What to work on
Below are the records; copy each line in them that holds the word "assms".

Data section

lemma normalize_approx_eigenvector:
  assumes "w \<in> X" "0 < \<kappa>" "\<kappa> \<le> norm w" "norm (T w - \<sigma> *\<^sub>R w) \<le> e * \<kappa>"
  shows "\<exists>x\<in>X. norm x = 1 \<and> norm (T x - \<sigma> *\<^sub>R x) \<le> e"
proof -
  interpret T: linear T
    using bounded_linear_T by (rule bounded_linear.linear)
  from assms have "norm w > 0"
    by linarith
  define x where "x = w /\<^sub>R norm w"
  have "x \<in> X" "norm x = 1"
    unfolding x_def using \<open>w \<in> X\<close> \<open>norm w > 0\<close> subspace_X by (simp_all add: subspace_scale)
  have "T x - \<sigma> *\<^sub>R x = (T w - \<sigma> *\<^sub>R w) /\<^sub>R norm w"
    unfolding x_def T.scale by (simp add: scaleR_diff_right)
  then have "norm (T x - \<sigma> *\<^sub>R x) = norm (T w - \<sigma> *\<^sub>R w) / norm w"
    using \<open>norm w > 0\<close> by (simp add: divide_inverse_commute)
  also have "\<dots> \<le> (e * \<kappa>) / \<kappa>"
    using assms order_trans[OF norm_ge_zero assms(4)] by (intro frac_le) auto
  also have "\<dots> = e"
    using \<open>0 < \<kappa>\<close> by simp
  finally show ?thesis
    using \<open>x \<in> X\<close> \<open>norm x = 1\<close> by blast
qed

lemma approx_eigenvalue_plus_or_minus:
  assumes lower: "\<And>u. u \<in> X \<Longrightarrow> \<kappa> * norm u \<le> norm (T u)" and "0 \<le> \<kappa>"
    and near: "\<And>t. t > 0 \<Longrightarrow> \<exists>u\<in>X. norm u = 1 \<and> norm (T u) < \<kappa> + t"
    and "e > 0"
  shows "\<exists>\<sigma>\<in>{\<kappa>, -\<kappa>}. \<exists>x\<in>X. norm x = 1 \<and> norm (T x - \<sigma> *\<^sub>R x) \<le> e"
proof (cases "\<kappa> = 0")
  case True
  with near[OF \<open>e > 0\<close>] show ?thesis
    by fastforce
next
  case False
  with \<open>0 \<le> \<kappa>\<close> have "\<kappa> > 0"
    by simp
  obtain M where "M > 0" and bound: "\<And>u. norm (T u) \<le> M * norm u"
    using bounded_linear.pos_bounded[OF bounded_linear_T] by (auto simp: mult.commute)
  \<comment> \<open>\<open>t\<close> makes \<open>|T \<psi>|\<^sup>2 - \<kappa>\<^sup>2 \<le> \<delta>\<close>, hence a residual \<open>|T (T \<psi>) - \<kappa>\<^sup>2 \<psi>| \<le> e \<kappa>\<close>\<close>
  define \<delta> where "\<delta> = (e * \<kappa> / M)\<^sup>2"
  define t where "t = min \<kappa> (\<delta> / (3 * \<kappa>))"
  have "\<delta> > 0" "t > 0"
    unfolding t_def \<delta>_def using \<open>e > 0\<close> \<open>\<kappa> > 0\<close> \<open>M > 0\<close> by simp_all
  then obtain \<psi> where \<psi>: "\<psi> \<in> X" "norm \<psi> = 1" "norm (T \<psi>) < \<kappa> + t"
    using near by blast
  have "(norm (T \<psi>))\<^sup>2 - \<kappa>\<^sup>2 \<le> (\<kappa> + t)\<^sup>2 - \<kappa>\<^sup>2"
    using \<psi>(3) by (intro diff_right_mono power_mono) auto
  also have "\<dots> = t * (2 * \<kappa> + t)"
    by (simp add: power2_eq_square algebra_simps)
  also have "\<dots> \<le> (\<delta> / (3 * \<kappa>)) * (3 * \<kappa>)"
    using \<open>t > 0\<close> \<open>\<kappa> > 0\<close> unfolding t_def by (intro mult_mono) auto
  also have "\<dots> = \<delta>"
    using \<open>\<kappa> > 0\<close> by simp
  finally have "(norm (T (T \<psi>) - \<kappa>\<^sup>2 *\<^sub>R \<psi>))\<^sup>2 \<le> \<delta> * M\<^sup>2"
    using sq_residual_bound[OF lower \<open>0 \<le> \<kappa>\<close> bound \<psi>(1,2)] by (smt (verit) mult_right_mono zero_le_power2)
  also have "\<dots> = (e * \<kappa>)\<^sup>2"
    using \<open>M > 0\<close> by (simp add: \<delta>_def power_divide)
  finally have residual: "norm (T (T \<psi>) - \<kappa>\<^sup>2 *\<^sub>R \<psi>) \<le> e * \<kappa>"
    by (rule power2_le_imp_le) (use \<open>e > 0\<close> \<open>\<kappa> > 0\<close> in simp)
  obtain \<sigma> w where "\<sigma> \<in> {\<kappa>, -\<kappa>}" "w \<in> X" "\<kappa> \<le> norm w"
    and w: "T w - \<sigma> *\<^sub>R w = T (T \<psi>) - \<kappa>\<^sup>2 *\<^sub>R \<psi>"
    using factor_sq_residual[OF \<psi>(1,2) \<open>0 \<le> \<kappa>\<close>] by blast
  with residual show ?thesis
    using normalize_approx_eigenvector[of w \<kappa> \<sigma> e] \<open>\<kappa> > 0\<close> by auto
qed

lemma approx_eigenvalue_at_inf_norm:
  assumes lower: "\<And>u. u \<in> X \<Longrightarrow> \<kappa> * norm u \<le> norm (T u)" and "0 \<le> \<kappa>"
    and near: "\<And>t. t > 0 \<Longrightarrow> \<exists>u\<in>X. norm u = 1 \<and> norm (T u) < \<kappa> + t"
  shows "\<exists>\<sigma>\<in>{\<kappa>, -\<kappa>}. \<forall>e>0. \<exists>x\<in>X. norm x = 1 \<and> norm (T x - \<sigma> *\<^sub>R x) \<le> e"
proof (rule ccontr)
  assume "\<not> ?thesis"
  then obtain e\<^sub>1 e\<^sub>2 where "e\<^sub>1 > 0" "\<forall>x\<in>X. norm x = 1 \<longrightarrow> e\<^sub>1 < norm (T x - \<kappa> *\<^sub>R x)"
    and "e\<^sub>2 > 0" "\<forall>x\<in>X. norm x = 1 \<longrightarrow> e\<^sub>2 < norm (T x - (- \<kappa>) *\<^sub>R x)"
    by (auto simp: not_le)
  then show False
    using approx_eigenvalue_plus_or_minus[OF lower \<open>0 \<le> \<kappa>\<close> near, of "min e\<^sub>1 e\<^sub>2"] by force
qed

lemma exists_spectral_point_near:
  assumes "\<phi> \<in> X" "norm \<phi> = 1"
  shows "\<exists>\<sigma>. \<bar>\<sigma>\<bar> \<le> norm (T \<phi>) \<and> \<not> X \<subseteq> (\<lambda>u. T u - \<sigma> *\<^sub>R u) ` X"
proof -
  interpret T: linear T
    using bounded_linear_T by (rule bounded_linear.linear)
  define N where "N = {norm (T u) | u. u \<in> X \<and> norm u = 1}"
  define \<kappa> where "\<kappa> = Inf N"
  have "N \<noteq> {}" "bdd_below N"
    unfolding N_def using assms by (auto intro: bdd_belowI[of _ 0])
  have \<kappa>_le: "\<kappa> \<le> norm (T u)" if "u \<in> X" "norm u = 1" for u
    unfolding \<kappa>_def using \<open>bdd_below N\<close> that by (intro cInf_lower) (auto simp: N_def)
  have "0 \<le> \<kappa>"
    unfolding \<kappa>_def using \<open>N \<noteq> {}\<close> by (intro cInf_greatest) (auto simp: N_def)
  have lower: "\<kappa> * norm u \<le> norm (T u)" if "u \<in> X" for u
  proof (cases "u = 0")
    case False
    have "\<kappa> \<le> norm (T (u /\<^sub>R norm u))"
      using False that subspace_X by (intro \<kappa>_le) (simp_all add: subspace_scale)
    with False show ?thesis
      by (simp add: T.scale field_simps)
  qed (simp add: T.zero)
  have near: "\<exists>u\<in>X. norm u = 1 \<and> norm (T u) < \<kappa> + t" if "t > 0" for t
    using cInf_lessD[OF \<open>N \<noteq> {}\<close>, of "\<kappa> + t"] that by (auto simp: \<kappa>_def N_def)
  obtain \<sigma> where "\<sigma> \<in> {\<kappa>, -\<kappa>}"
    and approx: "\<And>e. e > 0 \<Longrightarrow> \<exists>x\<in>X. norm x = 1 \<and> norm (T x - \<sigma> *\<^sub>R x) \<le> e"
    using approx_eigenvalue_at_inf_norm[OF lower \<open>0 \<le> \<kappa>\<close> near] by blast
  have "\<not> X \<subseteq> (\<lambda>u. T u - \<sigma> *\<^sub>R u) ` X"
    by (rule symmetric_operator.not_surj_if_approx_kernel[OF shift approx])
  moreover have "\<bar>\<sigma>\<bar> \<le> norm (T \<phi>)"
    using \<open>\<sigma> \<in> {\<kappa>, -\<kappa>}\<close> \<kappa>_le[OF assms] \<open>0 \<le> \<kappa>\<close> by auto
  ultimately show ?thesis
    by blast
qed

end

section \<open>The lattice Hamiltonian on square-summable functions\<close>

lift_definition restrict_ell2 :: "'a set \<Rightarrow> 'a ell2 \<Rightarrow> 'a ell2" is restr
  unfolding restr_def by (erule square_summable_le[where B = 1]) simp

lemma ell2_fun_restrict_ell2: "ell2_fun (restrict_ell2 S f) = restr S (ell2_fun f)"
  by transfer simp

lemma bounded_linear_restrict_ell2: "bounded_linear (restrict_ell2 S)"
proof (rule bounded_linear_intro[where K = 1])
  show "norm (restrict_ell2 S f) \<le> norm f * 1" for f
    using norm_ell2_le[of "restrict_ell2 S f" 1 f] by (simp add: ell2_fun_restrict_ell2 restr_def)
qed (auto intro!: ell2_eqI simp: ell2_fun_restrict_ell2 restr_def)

Completed exercise
  from assms have "norm w > 0"
    using assms order_trans[OF norm_ge_zero assms(4)] by (intro frac_le) auto
    unfolding N_def using assms by (auto intro: bdd_belowI[of _ 0])
    using \<open>\<sigma> \<in> {\<kappa>, -\<kappa>}\<close> \<kappa>_le[OF assms] \<open>0 \<le> \<kappa>\<close> by auto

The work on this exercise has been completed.